As of this writing, Russian forces have penetrated into the city of Kharkiv, through so far making little progress as they face stronger than expected resistance from Ukrainian armed forces and citizen volunteers. Before the Holocaust, Kharkiv’s Jewish population constituted an estimated 20% of the city but was devastated by the Nazis and subsequent Soviet rule. However, since the collapse of Communism, the city has experienced a remarkable resurgence of Jewish life. For the last several years, Memphis Jewish Federation has made an annual grant of $15,000 to support the Jewish community there, particularly in the form of food, medicine, heat, and homecare for some 6,500 Jewish poor and elderly in the region.
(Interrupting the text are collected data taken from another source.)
lemma spec_box_deficit_le:
  fixes J1 J2 :: real and \<theta> c \<eta> eps beta :: real and n :: nat
  defines "M \<equiv> site_energy J1 J2 (cos \<theta>, sin \<theta>)"
  assumes J: "0 \<le> J1" "0 \<le> J2"
    and \<theta>: "0 \<le> \<theta>" "\<theta> \<le> pi"
    and \<eta>: "0 < \<eta>" "\<eta> \<le> 1" "24 * (J1 + J2) * \<eta> \<le> c"
    and n: "1 \<le> n" "20 * J2 \<le> real n * c"
    and eps: "eps \<le> 1"
    and beta: "0 \<le> beta" "exp (- beta * (c / 2)) \<le> eps * (\<eta> / (2 * pi))"
    and w: "\<And>r. unit_spin (w r)"
  shows "spec J1 J2 beta (box n) {w. c * card (box n) < (\<Sum>t\<in>box n. M - site_energy J1 J2 (w t))} w \<le> eps"
proof -
  define N where "N = 4 * (real n)\<^sup>2"
  let ?G = "spin_nbhd \<eta> (cos \<theta>, sin \<theta>)"
  let ?Lb = "N * (c - M) - 4 * real n * J2"
  let ?Ug = "16 * real n * J2 + 16 * (real n)\<^sup>2 * (J1 + J2) * \<eta>\<^sup>2 - N * (M - 2 * (J1 + J2) * \<eta>)"
  have glue_unit: "unit_spin (glue (box n) s w r)" if "\<forall>t\<in>box n. unit_spin (s t)" for s r
    using that w by (simp add: glue_def)
  have "spec J1 J2 beta (box n) {w. c * card (box n) < (\<Sum>t\<in>box n. M - site_energy J1 J2 (w t))} w
        \<le> exp (- beta * (?Lb - ?Ug)) / (\<eta> / (2 * pi)) ^ card (box n)"
  proof (rule spec_le_energy_gap[OF finite_box beta(1) spin_nbhd_borel])
    show "0 < \<eta> / (2 * pi)" "\<eta> / (2 * pi) \<le> measure nu ?G"
      using \<eta> \<theta> pi_gt3 by (auto intro!: measure_nu_spin_nbhd)
  next
    fix s
    assume unit: "\<forall>t\<in>box n. unit_spin (s t)"
      and "glue (box n) s w \<in> {w. c * card (box n) < (\<Sum>t\<in>box n. M - site_energy J1 J2 (w t))}"
    then have "N * (c - M) < - (\<Sum>r\<in>box n. site_energy J1 J2 (glue (box n) s w r))"
      by (simp add: N_def card_box sum_subtractf algebra_simps)
    moreover have "- (\<Sum>r\<in>box n. site_energy J1 J2 (glue (box n) s w r)) - 4 * real n * J2
                   \<le> H_Lam J1 J2 (box n) (glue (box n) s w)"
      by (rule H_Lam_box_lower[OF J]) (rule glue_unit[OF unit])
    ultimately show "?Lb \<le> H_Lam J1 J2 (box n) (glue (box n) s w)"
      by linarith
  next
    fix s
    assume good: "\<forall>t\<in>box n. s t \<in> ?G"
    then have "unit_spin (glue (box n) s w r)" for r
      by (intro glue_unit) (simp add: spin_nbhd_def)
    moreover have "\<bar>fst (glue (box n) s w r) - cos \<theta>\<bar> \<le> \<eta> \<and> \<bar>snd (glue (box n) s w r) - sin \<theta>\<bar> \<le> \<eta>"
      if "r \<in> box n" for r
      using good that by (simp add: glue_def spin_nbhd_def)
    ultimately show "H_Lam J1 J2 (box n) (glue (box n) s w) \<le> ?Ug"
      unfolding N_def M_def by (intro H_Lam_box_upper[OF J n(1)]) auto
  qed
  also have "\<dots> \<le> eps"
  proof (rule exp_gap_div_power_le[OF _ beta(2) beta(1) _ eps])
    show "real (card (box n)) * (c / 2) \<le> ?Lb - ?Ug"
      using box_energy_gap[OF J less_imp_le[OF \<eta>(1)] \<eta>(2,3) n(2)] by (simp add: N_def card_box algebra_simps)
    show "0 < \<eta> / (2 * pi)" "1 \<le> card (box n)"
      using \<eta> n by (auto simp: card_box)
  qed
  finally show ?thesis .
qed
“Memphis has always stepped up to meet the needs of Jewish communities a mile away or even 5600 miles away in Ukraine. Our community stands together with Ukraine and our fellow Jews who need to escape or survive,” said Scott Vogel, Board Chair of Jewish Community Partners, which operates Memphis Jewish Federation. “With the war, the stakes are completely different and the situation much more urgent. But because of the long relationships we’ve had with them, I know JAFI, the JDC, World ORT, and their on-the-ground partners can be trusted with this difficult job of caring for our Ukrainian brothers and sisters.”
Through JAFI, Federation gifts bring Shlichim to Ukraine, send Ukrainian youth to Israel for immersive programs, support community security, and support Ukrainian Jews interested in making aliyah. JDC uses the funding to support Hesed centers across 1,000 locations, supporting 40,000 Jews living in poverty. Through World ORT, Jewish Federations have played an important role in the renewal of Jewish life through Jewish day schools, vocational training, and more. Federation money also supports JCCs and Jewish youth programs to help younger generations reimagine Jewish life where it once was all but decimated.
“I have trouble verbalizing how important it is for us to support the Jews of Ukraine who can be completely alone, if not for the supported social service programs that Federation dollars support,” said Scott Notowich, Federation’s Chair of Israel & Overseas. “I once sat in a Holocaust survivor’s living room listening to her tell me that if the Federation-funded social worker didn’t visit regularly to make sure she was taken care of, she would be totally alone in the world. She looks at this helper buying her groceries and visiting her in her home as a daughter. Today in Ukraine, there are scores of elderly survivors who are completely unable to leave their apartments and assisted living centers, and welfare visits can’t happen because of the danger. But our partners are doing everything they can, and even working to invent new ways, to make sure these vulnerable people aren’t forgotten.”
This article contains elements previously appearing in Tennessee Lookout’s article Ukrainians in Tennessee worry for safety of family and friends, by John Partipilo and Dulce Torres Guzman.